What to work on: Every line of the entries below from the one containing "K v] by simp" to the one containing "step.prems by simp", both ends included, must be written out exactly. No other line belongs in the answer.

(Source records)
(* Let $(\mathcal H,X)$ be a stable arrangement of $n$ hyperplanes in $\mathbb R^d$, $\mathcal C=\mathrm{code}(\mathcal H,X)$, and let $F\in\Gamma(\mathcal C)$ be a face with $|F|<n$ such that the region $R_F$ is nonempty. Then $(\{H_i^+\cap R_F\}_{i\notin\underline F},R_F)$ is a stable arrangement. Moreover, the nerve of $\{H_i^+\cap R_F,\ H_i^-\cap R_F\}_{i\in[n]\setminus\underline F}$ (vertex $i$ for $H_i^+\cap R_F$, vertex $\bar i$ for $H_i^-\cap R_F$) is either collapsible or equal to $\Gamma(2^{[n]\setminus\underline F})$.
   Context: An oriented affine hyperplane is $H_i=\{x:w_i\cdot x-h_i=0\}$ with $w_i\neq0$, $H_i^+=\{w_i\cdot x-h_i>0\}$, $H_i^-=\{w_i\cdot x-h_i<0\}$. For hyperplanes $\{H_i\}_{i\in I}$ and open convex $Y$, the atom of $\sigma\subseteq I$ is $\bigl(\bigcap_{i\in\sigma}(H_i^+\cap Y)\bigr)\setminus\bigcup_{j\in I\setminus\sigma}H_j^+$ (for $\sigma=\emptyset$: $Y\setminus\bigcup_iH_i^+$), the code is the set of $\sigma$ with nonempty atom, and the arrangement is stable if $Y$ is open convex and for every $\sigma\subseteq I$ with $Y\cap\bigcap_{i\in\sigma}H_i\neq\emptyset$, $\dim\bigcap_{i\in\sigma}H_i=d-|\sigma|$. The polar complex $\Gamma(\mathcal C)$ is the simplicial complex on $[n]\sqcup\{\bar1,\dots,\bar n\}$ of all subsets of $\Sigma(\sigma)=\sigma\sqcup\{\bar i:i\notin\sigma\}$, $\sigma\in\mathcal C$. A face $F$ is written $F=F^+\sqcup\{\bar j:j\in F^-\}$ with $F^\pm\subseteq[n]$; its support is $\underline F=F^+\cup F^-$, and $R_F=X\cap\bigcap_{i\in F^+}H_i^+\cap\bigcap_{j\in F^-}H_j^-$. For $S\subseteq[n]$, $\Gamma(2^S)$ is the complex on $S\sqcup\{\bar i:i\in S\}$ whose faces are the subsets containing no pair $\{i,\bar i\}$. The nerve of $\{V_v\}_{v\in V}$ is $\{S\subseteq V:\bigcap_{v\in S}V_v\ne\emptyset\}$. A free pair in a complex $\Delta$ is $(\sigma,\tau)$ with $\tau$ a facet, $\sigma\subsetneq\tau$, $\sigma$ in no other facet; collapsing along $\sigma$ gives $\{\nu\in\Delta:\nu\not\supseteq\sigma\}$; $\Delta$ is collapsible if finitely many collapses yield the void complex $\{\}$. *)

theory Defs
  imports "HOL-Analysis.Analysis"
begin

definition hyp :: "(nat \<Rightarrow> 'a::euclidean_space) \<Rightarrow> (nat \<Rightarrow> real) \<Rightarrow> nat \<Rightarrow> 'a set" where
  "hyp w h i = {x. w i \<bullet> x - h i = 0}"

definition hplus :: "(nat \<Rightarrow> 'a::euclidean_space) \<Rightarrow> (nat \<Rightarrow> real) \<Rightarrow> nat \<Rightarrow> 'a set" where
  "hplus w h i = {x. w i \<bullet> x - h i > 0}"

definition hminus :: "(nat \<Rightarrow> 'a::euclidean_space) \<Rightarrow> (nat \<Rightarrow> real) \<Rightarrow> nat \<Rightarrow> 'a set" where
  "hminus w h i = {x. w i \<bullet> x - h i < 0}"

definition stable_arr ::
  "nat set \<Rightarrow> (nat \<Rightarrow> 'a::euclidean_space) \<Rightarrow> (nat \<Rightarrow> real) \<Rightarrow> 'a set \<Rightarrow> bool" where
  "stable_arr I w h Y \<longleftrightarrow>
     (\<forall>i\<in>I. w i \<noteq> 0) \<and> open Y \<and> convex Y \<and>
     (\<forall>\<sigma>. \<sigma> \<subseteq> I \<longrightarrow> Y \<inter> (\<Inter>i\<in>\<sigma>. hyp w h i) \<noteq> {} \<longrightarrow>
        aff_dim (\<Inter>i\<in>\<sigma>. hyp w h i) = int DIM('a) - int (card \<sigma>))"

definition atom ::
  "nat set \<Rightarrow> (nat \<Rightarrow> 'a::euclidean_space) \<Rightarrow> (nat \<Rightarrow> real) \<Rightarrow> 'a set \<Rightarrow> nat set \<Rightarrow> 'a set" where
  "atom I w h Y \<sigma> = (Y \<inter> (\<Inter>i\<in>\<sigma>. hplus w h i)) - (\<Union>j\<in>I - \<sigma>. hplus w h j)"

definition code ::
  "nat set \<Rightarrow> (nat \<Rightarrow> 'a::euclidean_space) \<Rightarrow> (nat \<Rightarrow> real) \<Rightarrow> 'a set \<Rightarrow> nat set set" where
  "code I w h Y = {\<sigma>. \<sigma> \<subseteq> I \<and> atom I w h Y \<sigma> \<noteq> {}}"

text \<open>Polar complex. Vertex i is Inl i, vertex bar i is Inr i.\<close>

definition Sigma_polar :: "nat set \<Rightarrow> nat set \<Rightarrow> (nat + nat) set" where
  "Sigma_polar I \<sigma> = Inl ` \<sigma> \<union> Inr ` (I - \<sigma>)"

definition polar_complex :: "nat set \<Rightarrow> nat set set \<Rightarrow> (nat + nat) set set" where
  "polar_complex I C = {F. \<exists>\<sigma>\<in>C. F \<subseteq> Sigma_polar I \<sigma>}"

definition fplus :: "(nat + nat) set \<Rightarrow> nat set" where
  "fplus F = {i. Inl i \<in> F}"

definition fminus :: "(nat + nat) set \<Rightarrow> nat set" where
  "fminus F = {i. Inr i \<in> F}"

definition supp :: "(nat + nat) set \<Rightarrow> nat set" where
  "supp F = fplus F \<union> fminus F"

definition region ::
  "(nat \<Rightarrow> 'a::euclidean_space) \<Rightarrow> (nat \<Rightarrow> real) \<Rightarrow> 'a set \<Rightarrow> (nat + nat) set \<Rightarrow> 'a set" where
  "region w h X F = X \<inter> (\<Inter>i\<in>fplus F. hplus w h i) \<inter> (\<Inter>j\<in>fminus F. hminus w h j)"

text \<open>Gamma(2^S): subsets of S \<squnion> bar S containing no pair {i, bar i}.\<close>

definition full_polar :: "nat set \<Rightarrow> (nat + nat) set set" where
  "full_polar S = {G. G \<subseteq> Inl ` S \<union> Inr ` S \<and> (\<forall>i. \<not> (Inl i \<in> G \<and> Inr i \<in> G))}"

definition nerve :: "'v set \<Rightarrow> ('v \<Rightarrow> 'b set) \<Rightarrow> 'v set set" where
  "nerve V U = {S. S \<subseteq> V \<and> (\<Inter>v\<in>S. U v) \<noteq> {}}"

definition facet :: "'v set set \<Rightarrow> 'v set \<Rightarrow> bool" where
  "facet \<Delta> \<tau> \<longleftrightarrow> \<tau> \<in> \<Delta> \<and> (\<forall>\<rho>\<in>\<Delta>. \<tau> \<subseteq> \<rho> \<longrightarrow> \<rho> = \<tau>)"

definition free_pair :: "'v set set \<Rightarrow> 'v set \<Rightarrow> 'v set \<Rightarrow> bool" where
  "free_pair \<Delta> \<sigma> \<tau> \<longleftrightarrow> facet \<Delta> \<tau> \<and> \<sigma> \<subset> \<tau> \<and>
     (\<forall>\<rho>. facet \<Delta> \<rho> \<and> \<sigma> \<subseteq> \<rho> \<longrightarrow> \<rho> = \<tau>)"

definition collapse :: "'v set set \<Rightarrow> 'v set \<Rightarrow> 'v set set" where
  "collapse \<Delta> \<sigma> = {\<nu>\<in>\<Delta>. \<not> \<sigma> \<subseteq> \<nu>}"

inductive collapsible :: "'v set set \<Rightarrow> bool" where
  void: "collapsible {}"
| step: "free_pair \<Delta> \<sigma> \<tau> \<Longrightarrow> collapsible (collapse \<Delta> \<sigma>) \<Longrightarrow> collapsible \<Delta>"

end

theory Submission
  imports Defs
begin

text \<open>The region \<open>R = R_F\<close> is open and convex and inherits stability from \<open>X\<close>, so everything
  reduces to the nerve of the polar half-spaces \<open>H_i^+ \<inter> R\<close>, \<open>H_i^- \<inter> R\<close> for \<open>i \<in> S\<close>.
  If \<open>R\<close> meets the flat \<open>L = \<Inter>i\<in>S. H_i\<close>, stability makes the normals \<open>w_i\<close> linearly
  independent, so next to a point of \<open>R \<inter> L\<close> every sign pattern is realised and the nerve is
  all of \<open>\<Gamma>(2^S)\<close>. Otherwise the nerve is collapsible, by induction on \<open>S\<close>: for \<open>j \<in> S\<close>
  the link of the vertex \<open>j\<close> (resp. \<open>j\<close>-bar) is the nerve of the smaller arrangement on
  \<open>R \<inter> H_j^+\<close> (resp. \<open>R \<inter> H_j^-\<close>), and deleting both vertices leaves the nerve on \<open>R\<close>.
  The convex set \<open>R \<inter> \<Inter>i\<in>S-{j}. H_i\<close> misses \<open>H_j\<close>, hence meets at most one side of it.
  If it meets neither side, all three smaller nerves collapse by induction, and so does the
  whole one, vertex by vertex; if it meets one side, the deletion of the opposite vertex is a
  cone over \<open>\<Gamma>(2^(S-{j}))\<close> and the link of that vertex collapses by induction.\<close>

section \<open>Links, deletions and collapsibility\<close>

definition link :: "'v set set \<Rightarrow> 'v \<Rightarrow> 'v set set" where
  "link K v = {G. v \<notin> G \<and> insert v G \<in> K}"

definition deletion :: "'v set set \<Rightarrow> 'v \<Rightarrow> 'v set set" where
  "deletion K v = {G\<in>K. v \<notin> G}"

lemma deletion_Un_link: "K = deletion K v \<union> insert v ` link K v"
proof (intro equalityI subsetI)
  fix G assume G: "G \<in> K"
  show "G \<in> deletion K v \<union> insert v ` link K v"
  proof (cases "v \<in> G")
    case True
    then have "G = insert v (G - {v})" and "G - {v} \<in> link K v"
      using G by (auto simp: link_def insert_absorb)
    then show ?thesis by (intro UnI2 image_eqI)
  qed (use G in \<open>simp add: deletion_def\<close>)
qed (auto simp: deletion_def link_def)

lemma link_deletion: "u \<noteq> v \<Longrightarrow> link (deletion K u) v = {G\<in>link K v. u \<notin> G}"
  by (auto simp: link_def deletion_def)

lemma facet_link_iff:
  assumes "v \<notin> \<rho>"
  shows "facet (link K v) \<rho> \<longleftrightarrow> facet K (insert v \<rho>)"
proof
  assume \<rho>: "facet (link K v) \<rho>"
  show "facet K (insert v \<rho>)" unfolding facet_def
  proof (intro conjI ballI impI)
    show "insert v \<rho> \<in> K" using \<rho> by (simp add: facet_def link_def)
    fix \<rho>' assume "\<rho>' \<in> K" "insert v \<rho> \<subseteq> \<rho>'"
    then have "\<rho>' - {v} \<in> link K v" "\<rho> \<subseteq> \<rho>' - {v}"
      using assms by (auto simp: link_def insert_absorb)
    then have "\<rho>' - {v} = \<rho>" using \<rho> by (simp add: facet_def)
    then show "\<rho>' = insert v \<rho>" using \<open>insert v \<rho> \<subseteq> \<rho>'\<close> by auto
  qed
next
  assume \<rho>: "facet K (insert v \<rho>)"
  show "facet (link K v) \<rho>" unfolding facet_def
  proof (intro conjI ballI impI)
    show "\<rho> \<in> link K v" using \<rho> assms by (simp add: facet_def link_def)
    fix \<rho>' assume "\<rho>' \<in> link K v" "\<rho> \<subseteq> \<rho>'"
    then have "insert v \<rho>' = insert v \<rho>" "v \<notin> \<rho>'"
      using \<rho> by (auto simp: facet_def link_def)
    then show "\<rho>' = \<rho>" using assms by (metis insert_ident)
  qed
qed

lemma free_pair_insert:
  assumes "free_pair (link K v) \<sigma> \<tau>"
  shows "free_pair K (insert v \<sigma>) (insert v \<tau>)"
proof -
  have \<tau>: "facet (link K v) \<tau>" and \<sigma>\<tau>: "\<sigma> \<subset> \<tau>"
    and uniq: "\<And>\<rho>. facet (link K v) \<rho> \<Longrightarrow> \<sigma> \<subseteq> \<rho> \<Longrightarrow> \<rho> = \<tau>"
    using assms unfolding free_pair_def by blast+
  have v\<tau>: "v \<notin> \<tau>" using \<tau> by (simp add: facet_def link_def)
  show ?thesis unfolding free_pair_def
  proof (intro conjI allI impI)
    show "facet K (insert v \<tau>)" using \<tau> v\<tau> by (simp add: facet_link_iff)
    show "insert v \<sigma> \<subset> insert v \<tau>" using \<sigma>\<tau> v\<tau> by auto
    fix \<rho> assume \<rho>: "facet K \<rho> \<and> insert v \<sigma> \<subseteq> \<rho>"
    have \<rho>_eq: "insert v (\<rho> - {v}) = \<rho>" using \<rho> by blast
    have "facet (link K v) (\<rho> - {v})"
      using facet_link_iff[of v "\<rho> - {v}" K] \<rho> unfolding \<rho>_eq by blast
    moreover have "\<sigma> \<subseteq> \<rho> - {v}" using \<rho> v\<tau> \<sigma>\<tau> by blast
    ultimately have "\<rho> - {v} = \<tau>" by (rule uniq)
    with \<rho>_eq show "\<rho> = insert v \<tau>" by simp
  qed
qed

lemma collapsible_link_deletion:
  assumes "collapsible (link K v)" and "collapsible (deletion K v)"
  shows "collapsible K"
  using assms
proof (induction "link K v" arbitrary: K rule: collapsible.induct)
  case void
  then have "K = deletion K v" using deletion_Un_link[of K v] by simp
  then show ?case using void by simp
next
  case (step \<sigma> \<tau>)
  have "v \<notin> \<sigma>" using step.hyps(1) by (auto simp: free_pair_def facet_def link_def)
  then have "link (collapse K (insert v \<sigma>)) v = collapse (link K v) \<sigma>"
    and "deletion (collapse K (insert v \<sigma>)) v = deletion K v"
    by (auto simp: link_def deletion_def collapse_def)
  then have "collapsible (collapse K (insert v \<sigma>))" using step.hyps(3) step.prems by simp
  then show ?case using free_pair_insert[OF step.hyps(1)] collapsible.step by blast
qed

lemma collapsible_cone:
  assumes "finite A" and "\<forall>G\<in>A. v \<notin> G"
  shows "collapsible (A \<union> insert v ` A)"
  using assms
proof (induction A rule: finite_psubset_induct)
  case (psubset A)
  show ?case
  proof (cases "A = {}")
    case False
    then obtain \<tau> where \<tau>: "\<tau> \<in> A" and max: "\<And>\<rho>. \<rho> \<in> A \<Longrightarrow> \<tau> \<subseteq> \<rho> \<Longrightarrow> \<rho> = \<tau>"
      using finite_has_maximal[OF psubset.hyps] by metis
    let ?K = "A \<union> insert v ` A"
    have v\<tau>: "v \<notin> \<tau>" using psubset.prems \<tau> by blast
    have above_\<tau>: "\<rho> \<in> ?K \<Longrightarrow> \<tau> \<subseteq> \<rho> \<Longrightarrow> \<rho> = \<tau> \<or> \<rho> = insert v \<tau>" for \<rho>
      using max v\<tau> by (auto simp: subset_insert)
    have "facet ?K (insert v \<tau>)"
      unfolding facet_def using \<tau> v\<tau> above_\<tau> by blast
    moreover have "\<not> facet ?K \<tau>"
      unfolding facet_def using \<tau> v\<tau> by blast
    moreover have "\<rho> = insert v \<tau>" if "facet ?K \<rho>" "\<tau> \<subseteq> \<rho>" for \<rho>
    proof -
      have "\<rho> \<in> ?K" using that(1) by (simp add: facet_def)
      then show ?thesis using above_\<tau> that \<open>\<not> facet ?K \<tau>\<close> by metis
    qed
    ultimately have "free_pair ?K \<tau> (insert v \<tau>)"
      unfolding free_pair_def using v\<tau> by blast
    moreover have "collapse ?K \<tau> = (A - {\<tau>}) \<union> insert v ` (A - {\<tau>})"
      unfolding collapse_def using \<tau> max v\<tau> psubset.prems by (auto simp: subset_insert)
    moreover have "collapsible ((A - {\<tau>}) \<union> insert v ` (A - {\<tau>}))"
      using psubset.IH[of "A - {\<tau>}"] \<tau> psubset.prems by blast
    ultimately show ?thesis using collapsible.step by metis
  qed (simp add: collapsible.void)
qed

Exercise output:
  then have "K = deletion K v" using deletion_Un_link[of K v] by simp
  then show ?case using void by simp
next
  case (step \<sigma> \<tau>)
  have "v \<notin> \<sigma>" using step.hyps(1) by (auto simp: free_pair_def facet_def link_def)
  then have "link (collapse K (insert v \<sigma>)) v = collapse (link K v) \<sigma>"
    and "deletion (collapse K (insert v \<sigma>)) v = deletion K v"
    by (auto simp: link_def deletion_def collapse_def)
  then have "collapsible (collapse K (insert v \<sigma>))" using step.hyps(3) step.prems by simp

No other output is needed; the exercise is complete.